- Exercise details
Would you print the material exactly, starting at its first line and ending at the line holding "obtain r0 \<sigma>"?

- Source records
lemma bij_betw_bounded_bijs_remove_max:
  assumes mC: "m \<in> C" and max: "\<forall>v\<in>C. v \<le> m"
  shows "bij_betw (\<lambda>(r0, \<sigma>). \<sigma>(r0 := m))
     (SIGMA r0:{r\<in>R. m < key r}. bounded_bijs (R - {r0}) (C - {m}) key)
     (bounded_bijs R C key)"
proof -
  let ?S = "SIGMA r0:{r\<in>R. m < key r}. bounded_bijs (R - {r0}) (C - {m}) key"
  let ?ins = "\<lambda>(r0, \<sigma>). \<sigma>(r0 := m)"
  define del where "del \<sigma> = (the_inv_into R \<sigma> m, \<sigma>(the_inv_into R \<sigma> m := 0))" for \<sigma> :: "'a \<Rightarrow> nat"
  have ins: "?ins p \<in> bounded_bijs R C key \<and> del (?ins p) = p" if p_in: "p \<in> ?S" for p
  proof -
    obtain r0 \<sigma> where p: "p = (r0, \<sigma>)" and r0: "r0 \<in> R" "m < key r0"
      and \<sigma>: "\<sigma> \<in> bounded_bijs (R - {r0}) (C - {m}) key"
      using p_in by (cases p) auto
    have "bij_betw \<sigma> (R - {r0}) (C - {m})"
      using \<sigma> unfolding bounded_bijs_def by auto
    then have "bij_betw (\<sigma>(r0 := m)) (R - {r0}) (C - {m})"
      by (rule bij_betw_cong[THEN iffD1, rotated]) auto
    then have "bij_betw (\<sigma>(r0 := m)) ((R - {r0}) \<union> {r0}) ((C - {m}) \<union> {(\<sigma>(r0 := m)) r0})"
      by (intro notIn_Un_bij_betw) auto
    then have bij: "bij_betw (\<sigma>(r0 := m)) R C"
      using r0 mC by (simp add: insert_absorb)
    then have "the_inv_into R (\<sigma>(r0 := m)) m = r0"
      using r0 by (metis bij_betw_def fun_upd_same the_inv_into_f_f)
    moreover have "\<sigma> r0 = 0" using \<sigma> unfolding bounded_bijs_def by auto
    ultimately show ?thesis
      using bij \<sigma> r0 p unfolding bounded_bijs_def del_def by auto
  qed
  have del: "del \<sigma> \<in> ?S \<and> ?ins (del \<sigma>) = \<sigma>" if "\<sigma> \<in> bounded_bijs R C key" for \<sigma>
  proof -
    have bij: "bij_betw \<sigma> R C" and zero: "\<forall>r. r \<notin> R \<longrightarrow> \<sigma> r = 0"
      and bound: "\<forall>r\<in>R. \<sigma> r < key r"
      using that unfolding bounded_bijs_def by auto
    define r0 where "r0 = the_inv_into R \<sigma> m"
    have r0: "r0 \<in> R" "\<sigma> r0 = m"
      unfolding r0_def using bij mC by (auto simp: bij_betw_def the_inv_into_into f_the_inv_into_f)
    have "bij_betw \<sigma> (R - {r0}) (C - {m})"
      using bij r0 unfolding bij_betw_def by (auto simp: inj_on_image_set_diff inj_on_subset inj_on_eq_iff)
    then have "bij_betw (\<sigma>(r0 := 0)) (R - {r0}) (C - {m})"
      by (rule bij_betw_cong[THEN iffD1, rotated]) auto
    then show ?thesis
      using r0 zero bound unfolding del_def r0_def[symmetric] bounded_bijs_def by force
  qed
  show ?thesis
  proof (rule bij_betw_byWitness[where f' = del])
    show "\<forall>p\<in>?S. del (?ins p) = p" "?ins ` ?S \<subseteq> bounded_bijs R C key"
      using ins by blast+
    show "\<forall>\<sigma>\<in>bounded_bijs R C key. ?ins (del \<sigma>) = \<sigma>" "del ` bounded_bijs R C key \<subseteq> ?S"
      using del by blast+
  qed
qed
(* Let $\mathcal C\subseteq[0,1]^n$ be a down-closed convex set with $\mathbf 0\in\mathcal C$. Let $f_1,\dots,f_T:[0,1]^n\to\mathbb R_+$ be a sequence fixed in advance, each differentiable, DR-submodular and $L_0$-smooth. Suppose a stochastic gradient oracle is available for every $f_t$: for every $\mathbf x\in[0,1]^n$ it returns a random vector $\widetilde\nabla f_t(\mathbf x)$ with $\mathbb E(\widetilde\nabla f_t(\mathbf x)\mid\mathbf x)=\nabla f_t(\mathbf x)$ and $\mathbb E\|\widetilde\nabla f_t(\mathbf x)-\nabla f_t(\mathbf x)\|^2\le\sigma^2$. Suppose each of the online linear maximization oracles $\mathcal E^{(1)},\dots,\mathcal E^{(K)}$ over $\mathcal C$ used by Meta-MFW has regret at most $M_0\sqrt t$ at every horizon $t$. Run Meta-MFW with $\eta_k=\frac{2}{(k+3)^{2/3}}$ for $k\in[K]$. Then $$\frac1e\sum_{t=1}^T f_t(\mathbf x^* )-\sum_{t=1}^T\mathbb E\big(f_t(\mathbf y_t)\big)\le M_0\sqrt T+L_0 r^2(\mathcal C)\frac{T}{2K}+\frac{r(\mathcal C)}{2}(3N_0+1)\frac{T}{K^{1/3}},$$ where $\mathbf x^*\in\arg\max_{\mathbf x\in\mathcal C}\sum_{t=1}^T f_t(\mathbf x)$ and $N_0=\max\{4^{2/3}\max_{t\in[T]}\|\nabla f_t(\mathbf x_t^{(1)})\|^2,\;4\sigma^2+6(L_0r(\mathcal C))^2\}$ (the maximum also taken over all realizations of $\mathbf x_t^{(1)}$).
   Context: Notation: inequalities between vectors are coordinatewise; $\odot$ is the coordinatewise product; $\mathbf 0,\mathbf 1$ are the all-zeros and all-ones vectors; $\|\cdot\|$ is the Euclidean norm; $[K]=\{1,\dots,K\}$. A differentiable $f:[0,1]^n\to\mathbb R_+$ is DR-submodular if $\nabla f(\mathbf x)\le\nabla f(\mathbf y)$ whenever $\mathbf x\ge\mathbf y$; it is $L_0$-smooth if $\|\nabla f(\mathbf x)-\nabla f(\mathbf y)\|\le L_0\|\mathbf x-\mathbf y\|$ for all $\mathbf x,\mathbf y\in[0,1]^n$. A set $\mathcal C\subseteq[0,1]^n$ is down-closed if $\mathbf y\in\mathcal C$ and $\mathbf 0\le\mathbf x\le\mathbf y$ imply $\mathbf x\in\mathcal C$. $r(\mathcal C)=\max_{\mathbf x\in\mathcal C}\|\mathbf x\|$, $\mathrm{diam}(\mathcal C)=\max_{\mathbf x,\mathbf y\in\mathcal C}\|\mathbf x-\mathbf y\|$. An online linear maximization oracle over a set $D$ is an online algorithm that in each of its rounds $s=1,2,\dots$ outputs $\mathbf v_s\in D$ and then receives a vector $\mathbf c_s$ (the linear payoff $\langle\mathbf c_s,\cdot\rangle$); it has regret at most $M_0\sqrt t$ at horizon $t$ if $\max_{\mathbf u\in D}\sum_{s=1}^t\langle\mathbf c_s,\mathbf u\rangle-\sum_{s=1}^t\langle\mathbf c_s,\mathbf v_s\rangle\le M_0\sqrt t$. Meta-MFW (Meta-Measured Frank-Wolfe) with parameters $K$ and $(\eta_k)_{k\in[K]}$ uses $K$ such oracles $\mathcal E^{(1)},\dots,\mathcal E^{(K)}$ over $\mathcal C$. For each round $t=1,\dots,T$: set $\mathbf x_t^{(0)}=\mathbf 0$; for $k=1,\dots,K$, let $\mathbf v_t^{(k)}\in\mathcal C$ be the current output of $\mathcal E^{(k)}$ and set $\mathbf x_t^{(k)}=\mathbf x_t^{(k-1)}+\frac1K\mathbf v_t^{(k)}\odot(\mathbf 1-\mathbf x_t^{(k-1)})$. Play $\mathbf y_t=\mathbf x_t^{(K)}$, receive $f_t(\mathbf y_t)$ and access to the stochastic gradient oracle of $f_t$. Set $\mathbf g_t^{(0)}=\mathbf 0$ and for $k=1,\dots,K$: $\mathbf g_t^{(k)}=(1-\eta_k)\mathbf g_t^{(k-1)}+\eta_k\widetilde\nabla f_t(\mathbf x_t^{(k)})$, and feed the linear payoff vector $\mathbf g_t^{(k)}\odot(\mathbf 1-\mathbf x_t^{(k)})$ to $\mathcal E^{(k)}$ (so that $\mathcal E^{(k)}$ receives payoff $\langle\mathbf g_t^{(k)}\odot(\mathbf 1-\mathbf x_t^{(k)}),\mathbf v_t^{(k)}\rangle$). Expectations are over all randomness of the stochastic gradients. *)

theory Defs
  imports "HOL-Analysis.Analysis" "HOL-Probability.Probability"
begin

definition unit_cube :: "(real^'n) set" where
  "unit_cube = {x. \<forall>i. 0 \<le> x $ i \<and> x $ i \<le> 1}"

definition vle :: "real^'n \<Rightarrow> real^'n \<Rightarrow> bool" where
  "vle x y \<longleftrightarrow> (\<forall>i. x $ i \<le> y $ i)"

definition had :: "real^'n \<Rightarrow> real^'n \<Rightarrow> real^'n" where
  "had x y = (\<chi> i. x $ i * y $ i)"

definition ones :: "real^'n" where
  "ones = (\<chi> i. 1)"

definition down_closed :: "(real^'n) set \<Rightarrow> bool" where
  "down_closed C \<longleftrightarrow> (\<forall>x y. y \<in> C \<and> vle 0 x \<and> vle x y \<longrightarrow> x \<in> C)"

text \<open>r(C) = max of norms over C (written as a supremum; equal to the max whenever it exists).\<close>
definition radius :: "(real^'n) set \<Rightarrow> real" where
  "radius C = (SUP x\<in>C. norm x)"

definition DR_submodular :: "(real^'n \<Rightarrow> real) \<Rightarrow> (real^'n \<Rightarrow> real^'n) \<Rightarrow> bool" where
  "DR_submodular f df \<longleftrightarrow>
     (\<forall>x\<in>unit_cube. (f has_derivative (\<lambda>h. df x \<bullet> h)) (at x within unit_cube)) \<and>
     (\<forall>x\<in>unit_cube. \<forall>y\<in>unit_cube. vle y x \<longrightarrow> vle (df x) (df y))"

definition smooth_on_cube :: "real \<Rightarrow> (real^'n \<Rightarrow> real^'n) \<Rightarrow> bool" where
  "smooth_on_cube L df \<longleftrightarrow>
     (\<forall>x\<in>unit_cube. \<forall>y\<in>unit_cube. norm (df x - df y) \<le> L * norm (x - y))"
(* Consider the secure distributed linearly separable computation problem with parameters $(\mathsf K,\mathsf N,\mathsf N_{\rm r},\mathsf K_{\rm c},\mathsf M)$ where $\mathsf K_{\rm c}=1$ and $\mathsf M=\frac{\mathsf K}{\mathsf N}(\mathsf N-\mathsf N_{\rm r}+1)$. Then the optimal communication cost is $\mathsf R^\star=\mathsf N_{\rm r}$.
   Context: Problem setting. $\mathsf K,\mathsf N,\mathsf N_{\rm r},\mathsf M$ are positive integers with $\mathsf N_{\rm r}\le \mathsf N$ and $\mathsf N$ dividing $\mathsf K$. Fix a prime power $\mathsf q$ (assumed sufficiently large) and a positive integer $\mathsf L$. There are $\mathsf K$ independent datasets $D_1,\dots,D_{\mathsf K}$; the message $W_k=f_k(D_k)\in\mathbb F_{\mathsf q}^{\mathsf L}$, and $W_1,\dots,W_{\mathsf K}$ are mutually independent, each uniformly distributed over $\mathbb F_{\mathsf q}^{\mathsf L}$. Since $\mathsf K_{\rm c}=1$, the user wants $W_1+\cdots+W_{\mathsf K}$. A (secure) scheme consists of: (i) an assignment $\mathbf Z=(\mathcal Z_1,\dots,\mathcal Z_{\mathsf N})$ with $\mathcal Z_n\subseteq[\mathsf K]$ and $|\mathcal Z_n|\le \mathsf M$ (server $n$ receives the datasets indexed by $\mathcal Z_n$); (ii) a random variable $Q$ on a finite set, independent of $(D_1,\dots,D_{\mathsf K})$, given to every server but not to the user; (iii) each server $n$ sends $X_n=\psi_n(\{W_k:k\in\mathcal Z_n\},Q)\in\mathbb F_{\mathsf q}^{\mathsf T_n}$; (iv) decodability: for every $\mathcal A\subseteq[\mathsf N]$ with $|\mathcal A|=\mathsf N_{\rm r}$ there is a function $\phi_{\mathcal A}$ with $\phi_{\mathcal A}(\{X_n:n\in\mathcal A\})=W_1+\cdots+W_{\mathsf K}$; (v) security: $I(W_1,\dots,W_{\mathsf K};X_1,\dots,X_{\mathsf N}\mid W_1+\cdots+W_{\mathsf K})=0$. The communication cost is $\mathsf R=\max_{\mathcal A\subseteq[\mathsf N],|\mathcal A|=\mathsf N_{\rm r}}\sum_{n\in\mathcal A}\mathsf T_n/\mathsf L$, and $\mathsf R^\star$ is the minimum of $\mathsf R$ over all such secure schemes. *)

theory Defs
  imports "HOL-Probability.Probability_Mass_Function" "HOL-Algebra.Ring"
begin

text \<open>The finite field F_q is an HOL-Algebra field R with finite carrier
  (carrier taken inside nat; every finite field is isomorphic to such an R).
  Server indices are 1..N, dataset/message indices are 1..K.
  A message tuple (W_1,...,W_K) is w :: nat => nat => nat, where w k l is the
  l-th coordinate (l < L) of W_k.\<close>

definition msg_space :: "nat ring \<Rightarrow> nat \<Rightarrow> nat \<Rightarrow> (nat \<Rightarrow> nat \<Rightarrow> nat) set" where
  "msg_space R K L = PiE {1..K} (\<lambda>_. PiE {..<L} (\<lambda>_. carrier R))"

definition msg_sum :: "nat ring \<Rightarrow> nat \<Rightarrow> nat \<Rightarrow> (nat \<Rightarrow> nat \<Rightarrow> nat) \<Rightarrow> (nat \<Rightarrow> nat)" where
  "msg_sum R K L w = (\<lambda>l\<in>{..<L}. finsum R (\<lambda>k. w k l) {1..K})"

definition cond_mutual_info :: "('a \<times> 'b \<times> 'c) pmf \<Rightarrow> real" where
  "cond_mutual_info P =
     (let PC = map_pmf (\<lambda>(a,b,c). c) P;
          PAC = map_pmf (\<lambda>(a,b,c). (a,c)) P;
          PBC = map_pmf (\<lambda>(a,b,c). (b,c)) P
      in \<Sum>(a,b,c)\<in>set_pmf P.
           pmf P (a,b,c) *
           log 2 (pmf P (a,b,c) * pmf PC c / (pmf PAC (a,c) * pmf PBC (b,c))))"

- Answer box
lemma bij_betw_bounded_bijs_remove_max:
  assumes mC: "m \<in> C" and max: "\<forall>v\<in>C. v \<le> m"
  shows "bij_betw (\<lambda>(r0, \<sigma>). \<sigma>(r0 := m))
     (SIGMA r0:{r\<in>R. m < key r}. bounded_bijs (R - {r0}) (C - {m}) key)
     (bounded_bijs R C key)"
proof -
  let ?S = "SIGMA r0:{r\<in>R. m < key r}. bounded_bijs (R - {r0}) (C - {m}) key"
  let ?ins = "\<lambda>(r0, \<sigma>). \<sigma>(r0 := m)"
  define del where "del \<sigma> = (the_inv_into R \<sigma> m, \<sigma>(the_inv_into R \<sigma> m := 0))" for \<sigma> :: "'a \<Rightarrow> nat"
  have ins: "?ins p \<in> bounded_bijs R C key \<and> del (?ins p) = p" if p_in: "p \<in> ?S" for p
  proof -
    obtain r0 \<sigma> where p: "p = (r0, \<sigma>)" and r0: "r0 \<in> R" "m < key r0"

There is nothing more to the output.